3. I renewed my SFWA membership. I have mixed feelings about this, too. But the current administration has been so heroic in tackling things that had to be tackled (e.g. the new website) that I didn’t want to leave them in the lurch by voting with my feet while marching to the beat of a different drummer. (When my feelings are mixed, my metaphors follow.)

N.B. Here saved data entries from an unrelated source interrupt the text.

(* Let $\mu,P$ be Borel probability measures on $\mathbb{R}^d$ absolutely continuous w.r.t. Lebesgue measure, and let $u\in\mathbb{R}^d$ with $\mathrm{TD}(u;\mu)>0$. Then for every $\varepsilon\in[0,\mathrm{TD}(u;\mu))$ there exists $R>0$ such that $$\{x\in\partial\varphi_{\mu\to\nu}(u):\ \varphi_{\mu\to\nu}\in\Gamma_\varepsilon(P)\}\subset R\,\mathbb{B}.$$
   Context: $\mathbb{B}=\{x:\|x\|\leq1\}$; $\mathrm{TD}(u;\mu)=\min_{v\in\mathcal{S}^{d-1}}\mu(\{z:\langle v,z-u\rangle\geq0\})$; $\partial\psi(u)=\{x:\psi(z)\geq\psi(u)+\langle x,z-u\rangle\ \forall z\}$. $\mathcal{Q}_\varepsilon(P)=\{P+\varepsilon(Q-P):Q\text{ a Borel probability measure}\}\cap\{\text{probability measures absolutely continuous w.r.t. Lebesgue}\}$, and $\Gamma_\varepsilon(P)$ is the set of lower semicontinuous convex functions $\varphi_{\mu\to\nu}$ whose gradient pushes $\mu$ forward to some $\nu\in\mathcal{Q}_\varepsilon(P)$. *)

theory Defs
  imports "HOL-Probability.Probability"
begin

definition ac_prob :: "'a::euclidean_space measure \<Rightarrow> bool" where
  "ac_prob M \<longleftrightarrow> prob_space M \<and> sets M = sets borel \<and> absolutely_continuous lborel M"

definition tukey_depth :: "'a::euclidean_space \<Rightarrow> 'a measure \<Rightarrow> real" where
  "tukey_depth u M = (INF v \<in> sphere 0 1. measure M {z. inner v (z - u) \<ge> 0})"

definition subdiff :: "('a::euclidean_space \<Rightarrow> ereal) \<Rightarrow> 'a \<Rightarrow> 'a set" where
  "subdiff \<psi> u = {x. \<forall>z. \<psi> z \<ge> \<psi> u + ereal (inner x (z - u))}"

definition lsc_convex :: "('a::euclidean_space \<Rightarrow> ereal) \<Rightarrow> bool" where
  "lsc_convex \<phi> \<longleftrightarrow>
     (\<forall>x. \<phi> x \<noteq> -\<infinity>) \<and>
     (\<forall>x y t. 0 \<le> t \<and> t \<le> 1 \<longrightarrow>
        \<phi> ((1 - t) *\<^sub>R x + t *\<^sub>R y) \<le> ereal (1 - t) * \<phi> x + ereal t * \<phi> y) \<and>
     (\<forall>x c. c < \<phi> x \<longrightarrow> eventually (\<lambda>y. c < \<phi> y) (at x))"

4. SF Signal asked me, among others of greater note, about the Hugos in this week’s Mind Meld feature.

5. Is right out.

About JE

James Enge is the author of the World-Fantasy-Award-nominated novel Blood of Ambrose (Pyr, April 2009). His latest book is The Wide World's End. His short fiction has appeared in Black Gate, Tales from the Magician's Skull, The Magazine of Fantasy and Science Fiction and elsewhere.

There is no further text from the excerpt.